Tristan Jones and two co-accused, Jermaine Smith and Jafari Waldron, were convicted of multiple firearms and drug trafficking offences. The charges stemmed from an investigation by the Ottawa Police Service during which a judge issued a search instrument called a production order directed to Bell, Rogers and Telus to produce historic text messages associated with Waldron’s account. Telus was the only provider to retain historic text messaging data which it handed over to the police. The police were interested in an exchange between two cellphones about the sale of a handgun – one cellphone associated with Waldron and the other with Jones.

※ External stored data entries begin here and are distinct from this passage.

lemma induced_cycle_seq_imp_full_cycle:
  assumes g: "graph V E" and f: "induced_cycle_seq V E f l"
  shows "full_cycle V E (map f [0..<l])"
proof -
  have c: "cycle_seq V E f l" by (rule induced_cycle_seq_cycle_seq[OF f])
  have "\<sigma> \<in> {{f i} | i. i < l} \<union> {{f i, f (Suc i)} | i. i < l}"
    if \<sigma>: "clique V E \<sigma>" "\<sigma> \<noteq> {}" "\<sigma> \<subseteq> f ` {..<l}" for \<sigma>
  proof -
    obtain a where a: "a < l" "f a \<in> \<sigma>" using \<sigma>(2,3) by blast
    show ?thesis
    proof (cases "\<sigma> = {f a}")
      case False
      then obtain z where "z \<in> \<sigma>" "z \<noteq> f a" using a(2) by blast
      then obtain b where b: "b < l" "f b \<in> \<sigma>" "f a \<noteq> f b" using \<sigma>(3) by force
      have adj: "E (f a) (f b)" by (rule clique_adj[OF \<sigma>(1) a(2) b(2,3)])
      have "w \<in> {f a, f b}" if w: "w \<in> \<sigma>" for w
      proof (rule ccontr)
        assume "w \<notin> {f a, f b}"
        then have "E (f a) w" "E (f b) w" using clique_adj[OF \<sigma>(1)] a(2) b(2) w by auto
        moreover obtain k where "w = f k" using w \<sigma>(3) by blast
        ultimately show False using induced_cycle_seq_triangle_free[OF g f adj] by blast
      qed
      then have \<sigma>_eq: "\<sigma> = {f a, f b}" using a(2) b(2) by blast
      from induced_cycle_seq_adj[OF f adj] have "\<sigma> = {f a, f (Suc a)} \<or> \<sigma> = {f b, f (Suc b)}"
        unfolding \<sigma>_eq by auto
      then show ?thesis using a(1) b(1) by blast
    qed (use a in blast)
  qed
  then have "\<sigma> \<in> cycle_subcomplex (map f [0..<l])"
    if "\<sigma> \<in> flag_complex V E" "\<sigma> \<subseteq> set (map f [0..<l])" for \<sigma>
    using that unfolding cycle_subcomplex_map_upt[OF c] flag_complex_def
    by (simp add: atLeast0LessThan)
  then show ?thesis using is_cycle_map_upt[OF c] unfolding full_cycle_def by blast
qed

lemma k_large_iff_no_short_induced_cycle_seq:
  assumes g: "graph V E"
  shows "k_large k V E \<longleftrightarrow> \<not> (\<exists>f l. induced_cycle_seq V E f l \<and> enat l < k)"
proof -
  have from_full: "induced_cycle_seq V E (\<lambda>i. vs ! (i mod length vs)) (length vs)"
    if full: "full_cycle V E vs" for vs
  proof -
    have c: "cycle_seq V E (\<lambda>i. vs ! (i mod length vs)) (length vs)"
      using full is_cycle_iff_cycle_seq[THEN iffD1] unfolding full_cycle_def by blast
    have "map (\<lambda>i. vs ! (i mod length vs)) [0..<length vs] = map ((!) vs) [0..<length vs]"
      by (rule map_cong) simp_all
    then have vs: "map (\<lambda>i. vs ! (i mod length vs)) [0..<length vs] = vs" by (simp add: map_nth)
    show ?thesis using full_cycle_imp_induced_cycle_seq[OF g c] full unfolding vs by blast
  qed
  have to_full: "full_cycle V E (map f [0..<l]) \<and> length (map f [0..<l]) = l"
    if "induced_cycle_seq V E f l" for f l
    using induced_cycle_seq_imp_full_cycle[OF g that] by simp
  show ?thesis
    unfolding k_large_def
  proof
    assume no_full: "\<not> (\<exists>vs. full_cycle V E vs \<and> enat (length vs) < k)"
    show "\<not> (\<exists>f l. induced_cycle_seq V E f l \<and> enat l < k)"
    proof
      assume "\<exists>f l. induced_cycle_seq V E f l \<and> enat l < k"
      then obtain f l where "induced_cycle_seq V E f l" "enat l < k" by blast
      then show False using no_full to_full by fastforce
    qed
  next
    assume "\<not> (\<exists>f l. induced_cycle_seq V E f l \<and> enat l < k)"
    then show "\<not> (\<exists>vs. full_cycle V E vs \<and> enat (length vs) < k)" using from_full by blast
  qed
qed

section \<open>Maximal cliques\<close>

lemma clique_subset_maximal_clique:
  assumes "clique V E S"
  shows "\<exists>m. maximal_clique V E m \<and> S \<subseteq> m"
proof -
  let ?A = "{D. clique V E D \<and> S \<subseteq> D}"
  have "\<exists>M\<in>?A. \<forall>X\<in>?A. M \<subseteq> X \<longrightarrow> X = M"
  proof (rule subset_Zorn_nonempty)
    fix C assume ne: "C \<noteq> {}" and chain: "subset.chain ?A C"
    have sub: "\<And>X. X \<in> C \<Longrightarrow> clique V E X \<and> S \<subseteq> X"
      and lin: "\<And>X Y. X \<in> C \<Longrightarrow> Y \<in> C \<Longrightarrow> X \<subseteq> Y \<or> Y \<subseteq> X"
      using chain unfolding subset_chain_def by auto
    have "E x y" if xy: "x \<in> \<Union>C" "y \<in> \<Union>C" "x \<noteq> y" for x y
    proof -
      obtain X Y where XY: "X \<in> C" "Y \<in> C" "x \<in> X" "y \<in> Y" using xy(1,2) by blast
      consider "X \<subseteq> Y" | "Y \<subseteq> X" using lin[OF XY(1,2)] by blast
      then show ?thesis
      proof cases
        case 1 then show ?thesis using clique_adj[of V E Y x y] sub[OF XY(2)] XY xy(3) by blast
      next
        case 2 then show ?thesis using clique_adj[of V E X x y] sub[OF XY(1)] XY xy(3) by blast
      qed
    qed
    moreover have "\<Union>C \<subseteq> V" using sub unfolding clique_def by blast
    ultimately have "clique V E (\<Union>C)" unfolding clique_def by blast
    moreover obtain X where "X \<in> C" using ne by blast
    then have "S \<subseteq> \<Union>C" using sub by blast
    ultimately show "\<Union>C \<in> ?A" by blast
  qed (use assms in blast)
  then obtain M where M: "M \<in> ?A" and max: "\<forall>X\<in>?A. M \<subseteq> X \<longrightarrow> X = M" ..
  have "maximal_clique V E M"
    unfolding maximal_clique_def
  proof (intro conjI allI impI)
    show "clique V E M" using M by simp
    fix D assume D: "clique V E D \<and> M \<subseteq> D"
    then have "D \<in> ?A" using M by auto
    then show "D = M" using max D by blast
  qed
  then show ?thesis using M by blast
qed

lemma maximal_clique_adj: "maximal_clique V E m \<Longrightarrow> a \<in> m \<Longrightarrow> b \<in> m \<Longrightarrow> a \<noteq> b \<Longrightarrow> E a b"
  unfolding maximal_clique_def by (blast intro: clique_adj)

lemma maximal_clique_subset: "maximal_clique V E m \<Longrightarrow> m \<subseteq> V"
  unfolding maximal_clique_def clique_def by blast

definition maximal_cliques_meet_in_vertex :: "'a set \<Rightarrow> ('a \<Rightarrow> 'a \<Rightarrow> bool) \<Rightarrow> bool" where
  "maximal_cliques_meet_in_vertex V E \<longleftrightarrow>
     (\<forall>m m'. maximal_clique V E m \<and> maximal_clique V E m' \<and> m \<noteq> m' \<longrightarrow>
        (\<forall>x y. x \<in> m \<inter> m' \<and> y \<in> m \<inter> m' \<longrightarrow> x = y))"

lemma common_neighbour_in_maximal_clique:
  assumes g: "graph V E" and meet: "maximal_cliques_meet_in_vertex V E"
    and m: "maximal_clique V E m" and ab: "a \<in> m" "b \<in> m" "a \<noteq> b"
    and adj: "E a c" "E b c"
  shows "c \<in> m"
proof -
  have "clique V E {a, b, c}"
    using maximal_clique_adj[OF m ab] adj graph_in_V[OF g] graph_sym[OF g]
    unfolding clique_def by auto
  then obtain m' where m': "maximal_clique V E m'" "{a, b, c} \<subseteq> m'"
    using clique_subset_maximal_clique by blast
  then have "m' = m" using meet m ab unfolding maximal_cliques_meet_in_vertex_def by blast
  then show ?thesis using m' by blast
qed

section \<open>Induced cycles in the graph of vertices and maximal cliques\<close>

lemma graph_star: "graph V E \<Longrightarrow> graph (star_vertices V E) (star_adj V E)"
  unfolding graph_def
proof (intro allI impI)
  fix x y assume "\<forall>x y. E x y \<longrightarrow> x \<in> V \<and> y \<in> V \<and> E y x \<and> x \<noteq> y" "star_adj V E x y"
  then show "x \<in> star_vertices V E \<and> y \<in> star_vertices V E \<and> star_adj V E y x \<and> x \<noteq> y"
    by (cases x; cases y) (auto simp: star_vertices_def)
qed

lemma Inl_in_star_vertices [simp]: "Inl x \<in> star_vertices V E \<longleftrightarrow> x \<in> V"
  by (auto simp: star_vertices_def)

lemma Inr_in_star_vertices [simp]: "Inr m \<in> star_vertices V E \<longleftrightarrow> maximal_clique V E m"
  by (auto simp: star_vertices_def)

The subscriber information relating to each account was under a different name.
Relying partly on the text message exchange, the police then obtained two wiretap authorizations targeting cellphones associated with the suspects. Information harvested during the wiretap was then used to bolster applications for search warrants that uncovered evidence of Jones’ marihuana trafficking and proceeds of crime charges. Jones and Waldron moved for exclusion prior to trial contending that the police obtained the wrong court order and that the acquisition of the historic text messages required a wiretap authorization under Part VI of the Code.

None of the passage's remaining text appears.